So the question then is, when and how did I get the notion of God into my system. Was it an act of imitation, or indoctrination, or education? Was I shown the beauty of heavens and led into believing that a divine father or Mother or both rule the skies? Was I taken unsuspectingly to a temple and asked to fold my hands together in obeisance to an authority positing a power far in excess of my parents? Was I taken to a witness a death and then surreptitiously made to understand that those who do good deeds die peacefully reaching heaven safely, and others rot in hell? Did my teachers inculcate in me that each day had to start with a prayer to a Deity, depending upon the kind of school I was studying in? Did the idea come from the fact that I was taught that most festivals or holidays had a God imbued meaning of Good and evil, right or wrong or an invaluable lesson in Moral science?; or did the incredible stories and myths on impossible exploits of the vast pantheon of Gods and Goddesses, repeated incessantly, awoke in me a feeling of empathy to believe in those legends and hope that they are indeed true and factually possible… I really would not know. The actual impetus for my belief in a Godhead conveniently lies buried in the hazy mists of time. All that I know is that my psyche was impregnated somehow with a personal notion of God or a supernatural force and its root were sunk pretty deep in me at a time when I had no choice in determining what I needed: attribute it to emotional vulnerability or intellectual dependence, the fact of the matter is that they played a very important role in instilling the first stirrings of a “God notion” in me..
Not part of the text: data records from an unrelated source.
lemma row_sum_bound_le_1_if_spectral_radius_less_1:
  fixes D :: "real mat"
  assumes D: "D \<in> carrier_mat n n" and n: "0 < n"
    and nonneg: "\<And>i j. i < n \<Longrightarrow> j < n \<Longrightarrow> 0 \<le> D $$ (i, j)"
    and rows: "\<And>i. i < n \<Longrightarrow> q \<le> (\<Sum>j<n. D $$ (i, j))"
    and radius: "spectral_radius (map_mat complex_of_real D) < 1"
  shows "q \<le> 1"
proof (rule ccontr)
  assume "\<not> q \<le> 1"
  then have q: "1 < q" by simp
  obtain bnd where bnd: "\<And>m. norm_bound (map_mat complex_of_real D ^\<^sub>m m) bnd"
    using spectral_radius_jnf_norm_bound_less_1_upper_triangular[OF _ radius] D by force
  have "q ^ m \<le> real n * bnd" for m
  proof -
    have "q ^ m \<le> (\<Sum>j<n. (D ^\<^sub>m m) $$ (0, j))"
      using q n by (intro row_sum_mat_pow_ge[OF D nonneg rows]) auto
    also have "\<dots> \<le> (\<Sum>j<n. bnd)"
    proof (intro sum_mono)
      fix j assume j: "j \<in> {..<n}"
      have "norm (map_mat complex_of_real (D ^\<^sub>m m) $$ (0, j)) \<le> bnd"
        using bnd[of m] j n D unfolding norm_bound_def of_real_hom.mat_hom_pow[OF D] by auto
      then show "(D ^\<^sub>m m) $$ (0, j) \<le> bnd"
        using j n D by simp
    qed
    finally show ?thesis by simp
  qed
  moreover obtain m where "real n * bnd < q ^ m"
    using real_arch_pow[OF q] by blast
  ultimately show False by (meson not_less)
qed
lemma hermitian_eigenvector_orthogonal:
  fixes A :: "complex^'n^'n"
  assumes herm: "hermitian_mat A" and "finite S" and "card S < CARD('n)"
    and eig: "\<And>v. v \<in> S \<Longrightarrow> \<exists>l. A *v v = l *\<^sub>R v"
  obtains x l where "norm x = 1" and "\<And>v. v \<in> S \<Longrightarrow> cinner v x = 0" and "A *v x = l *\<^sub>R x"
proof -
  define W where "W = {x. \<forall>v\<in>S. cinner v x = 0}"
  have W: "subspace W"
    by (auto simp: subspace_def W_def cinner_add_right cinner_scaleR_right)
  have inv: "A *v z \<in> W" if "z \<in> W" for z
  proof -
    have "cinner v (A *v z) = 0" if "v \<in> S" for v
    proof -
      obtain l where "A *v v = l *\<^sub>R v"
        using eig[OF \<open>v \<in> S\<close>] by blast
      then show ?thesis
        using cinner_hermitian[OF herm, of v z] \<open>z \<in> W\<close> \<open>v \<in> S\<close>
        by (simp add: W_def cinner_scaleR_left)
    qed
    then show ?thesis
      by (simp add: W_def)
  qed
  have "closed W"
  proof -
    have "W = (\<Inter>v\<in>S. {x. cinner v x = 0})"
      by (auto simp: W_def)
    moreover have "closed {x. cinner v x = 0}" for v
      by (intro closed_Collect_eq continuous_on_cinner_right continuous_on_const)
    ultimately show ?thesis
      by auto
  qed
  define K where "K = W \<inter> sphere 0 1"
  have "compact K"
    unfolding K_def using \<open>closed W\<close> by (intro closed_Int_compact) auto
  moreover have "K \<noteq> {}"
  proof -
    obtain y where "norm y = 1" and "\<And>v. v \<in> S \<Longrightarrow> cinner v y = 0"
      using exists_unit_cinner_orthogonal[OF \<open>finite S\<close> \<open>card S < CARD('n)\<close>] by blast
    then have "y \<in> K"
      by (simp add: K_def W_def)
    then show ?thesis
      by blast
  qed
  moreover have "continuous_on K (\<lambda>z. Re (qform A z))"
    by (intro continuous_intros continuous_on_qform)
  ultimately obtain x where "x \<in> K" and x_max: "\<And>z. z \<in> K \<Longrightarrow> Re (qform A z) \<le> Re (qform A x)"
    using continuous_attains_sup by metis
  have "Re (qform A z) \<le> Re (qform A x) * (norm z)\<^sup>2" if "z \<in> W" for z
  proof (cases "z = 0")
    case True
    then show ?thesis
      by (simp add: qform_def)
  next
    case False
    have "(1 / norm z) *\<^sub>R z \<in> K"
      using W \<open>z \<in> W\<close> False by (simp add: K_def subspace_scale)
    then have "Re (qform A z) / (norm z)\<^sup>2 \<le> Re (qform A x)"
      by (auto dest!: x_max simp: qform_scaleR power_divide)
    with False show ?thesis
      by (simp add: divide_le_eq)
  qed
  then have "A *v x = Re (qform A x) *\<^sub>R x"
    using \<open>x \<in> K\<close> by (intro hermitian_qform_max_imp_eigenvector[OF herm W inv]) (auto simp: K_def)
  with \<open>x \<in> K\<close> show ?thesis
    by (intro that) (auto simp: K_def W_def)
qed
(* Every $W$-space is strongly $C$-selective.
   Context: All spaces are assumed $T_1$. For spaces $Y$ and $X$, a map $\varphi: Y\to\mathcal P(X)\setminus\{\emptyset\}$ is lower semicontinuous (l.s.c.) if for every open $U\subseteq X$ the set $\varphi^{-1}(U)=\{y\in Y:\varphi(y)\cap U\neq\emptyset\}$ is open in $Y$. A selection of $\varphi$ is a map $f:Y\to X$ with $f(y)\in\varphi(y)$ for all $y$. $X$ is strongly $Y$-selective if every l.s.c. map $Y\to\mathcal P(X)\setminus\{\emptyset\}$ has a continuous selection, and $X$ is strongly $C$-selective if it is strongly $Y$-selective for every countable regular space $Y$. For $x\in X$ consider the game in which, at stage $n$, player I chooses an open set $U_n\ni x$ and player II chooses a point $x_n\in U_n$; player I wins if the sequence $(x_n)$ converges to $x$. $X$ is a $W$-space if player I has a winning strategy in this game at every point $x\in X$. *)

theory Defs
  imports "HOL-Analysis.Analysis"
begin

definition lsc_map :: "'b topology \<Rightarrow> 'a topology \<Rightarrow> ('b \<Rightarrow> 'a set) \<Rightarrow> bool" where
  "lsc_map Y X \<phi> \<longleftrightarrow>
     (\<forall>y\<in>topspace Y. \<phi> y \<noteq> {} \<and> \<phi> y \<subseteq> topspace X) \<and>
     (\<forall>U. openin X U \<longrightarrow> openin Y {y \<in> topspace Y. \<phi> y \<inter> U \<noteq> {}})"

definition strongly_selective :: "'a topology \<Rightarrow> 'b topology \<Rightarrow> bool" where
  "strongly_selective X Y \<longleftrightarrow>
     (\<forall>\<phi>. lsc_map Y X \<phi> \<longrightarrow>
        (\<exists>f. continuous_map Y X f \<and> (\<forall>y\<in>topspace Y. f y \<in> \<phi> y)))"

text \<open>Player I strategy: maps the finite history of II's moves to an open nbhd of x;
  it is winning if every play consistent with it converges to x.\<close>
definition W_point :: "'a topology \<Rightarrow> 'a \<Rightarrow> bool" where
  "W_point X x \<longleftrightarrow>
     (\<exists>\<sigma> :: 'a list \<Rightarrow> 'a set.
        (\<forall>h. openin X (\<sigma> h) \<and> x \<in> \<sigma> h) \<and>
        (\<forall>s :: nat \<Rightarrow> 'a. (\<forall>n. s n \<in> \<sigma> (map s [0..<n])) \<longrightarrow> limitin X s x sequentially))"

definition W_space :: "'a topology \<Rightarrow> bool" where
  "W_space X \<longleftrightarrow> (\<forall>x\<in>topspace X. W_point X x)"

end

theory Submission
  imports Defs
begin

(* Countable regular spaces are zero-dimensional. Fix a winning strategy sigma_p of player I at
   every point p of X and enumerate all pairs (y, w) of a point y of Y and a finite list w of
   points of Y. Stage by stage, the l.s.c. map phi is shrunk on clopen sets, which keeps it
   l.s.c., while the values of a selection get fixed at finitely many points: at the stage of
   (y, w), the values on a clopen neighbourhood D of y avoiding the other fixed points are shrunk
   into sigma_(f y) (f w). The limit selection f is continuous at y: otherwise player II could
   answer every history f w by a value f z with z in the corresponding D, outside a fixed
   neighbourhood of f y, and win against sigma_(f y). *)

lemma countable_completely_regular_imp_dimension_le_0:
  assumes creg: "completely_regular_space Y" and ctbl: "countable (topspace Y)"
  shows "Y dim_le 0"
proof -
  have "\<exists>D. (closedin Y D \<and> openin Y D) \<and> y \<in> D \<and> D \<subseteq> G" if G: "openin Y G" "y \<in> G" for G y
  proof -
    obtain g where g: "continuous_map Y euclideanreal g" "g y = 0" "g ` (topspace Y - G) \<subseteq> {1}"
      using creg G unfolding completely_regular_space_alt' by blast
    \<comment> \<open>The countable image of \<open>g\<close> misses a level \<open>r\<close>, so \<open>{g < r} = {g \<le> r}\<close> is clopen.\<close>
    have "countable (g ` topspace Y)" using ctbl by blast
    moreover have "uncountable {0::real<..<1}" by (simp add: uncountable_open_interval)
    ultimately obtain r where r: "r \<in> {0<..<1}" "r \<notin> g ` topspace Y"
      by (metis countable_subset subsetI)
    define D where "D = {z \<in> topspace Y. g z < r}"
    have "D = {z \<in> topspace Y. g z \<in> {..r}}"
      using r(2) by (force simp: D_def)
    then have "closedin Y D"
      using closedin_continuous_map_preimage[OF g(1), of "{..r}"] by simp
    moreover have "openin Y D"
      unfolding D_def using openin_continuous_map_preimage[OF g(1), of "{..<r}"] by simp
    moreover have "y \<in> D"
      using g(2) r(1) G openin_subset by (auto simp: D_def)
    moreover have "D \<subseteq> G"
      using g(3) r(1) by (force simp: D_def)
    ultimately show ?thesis by blast
  qed
  then show ?thesis
    by (subst dimension_le_0_neighbourhood_base_of_clopen, subst open_neighbourhood_base_of) auto
qed

lemma countable_regular_imp_dimension_le_0:
  assumes "regular_space Y" and "countable (topspace Y)"
  shows "Y dim_le 0"
proof -
  have "normal_space Y"
    using regular_Lindelof_imp_normal_space[OF assms(1) countable_imp_Lindelof_space[OF assms(2)]] .
  then have "completely_regular_space Y"
    using assms(1) by (simp add: normal_imp_completely_regular_space)
  then show ?thesis
    using assms(2) by (rule countable_completely_regular_imp_dimension_le_0)
qed

definition winning_strategy :: "'a topology \<Rightarrow> 'a \<Rightarrow> ('a list \<Rightarrow> 'a set) \<Rightarrow> bool" where
  "winning_strategy X x \<sigma> \<longleftrightarrow>
     (\<forall>h. openin X (\<sigma> h) \<and> x \<in> \<sigma> h) \<and>
     (\<forall>s. (\<forall>n. s n \<in> \<sigma> (map s [0..<n])) \<longrightarrow> limitin X s x sequentially)"

lemma W_point_iff_winning_strategy: "W_point X x \<longleftrightarrow> (\<exists>\<sigma>. winning_strategy X x \<sigma>)"
  by (simp add: W_point_def winning_strategy_def)

lemma W_space_winning_strategies:
  assumes "W_space X"
  obtains \<sigma> where "\<And>p. p \<in> topspace X \<Longrightarrow> winning_strategy X p (\<sigma> p)"
proof -
  have "\<forall>p\<in>topspace X. \<exists>\<sigma>. winning_strategy X p \<sigma>"
    using assms unfolding W_space_def W_point_iff_winning_strategy .
  then show thesis
    using that by metis
qed

lemma history_recursion: "\<exists>s. \<forall>n. s n = c (map s [0..<n])"
proof -
  define L where "L = rec_nat [] (\<lambda>_ l. l @ [c l])"
  define s where "s n = c (L n)" for n
  have L: "L n = map s [0..<n]" for n
    by (induction n) (simp_all add: L_def s_def)
  have "s n = c (map s [0..<n])" for n
    using L[of n] by (simp only: s_def[of n])
  then show ?thesis by blast
qed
Anyways at this distance in time, it is clear to me that one is not born into any religion but rather molded into it. And this molding does serve a practical need in binding man to live in a particular society, where he needs to have some kind of higher sanctions to keep his impulses in check for general welfare. Though inwardly resenting authority of any kind, we did realize early in our history that a notion of God is the strongest glue to hold a community, state or race together; and force Man to adhere to an ethical life. Karen Armstrong demonstrates in her book “The case for God” that all religions were born out of such a primordial urge to ascribe a supernatural sanction to ordinary acts of daily living. Religion also has also been a way of circumventing the mystery of Nature and life around us by explaining it away in the name of God, and also a nagging sense of comprehension of Man’s insignificant place in it.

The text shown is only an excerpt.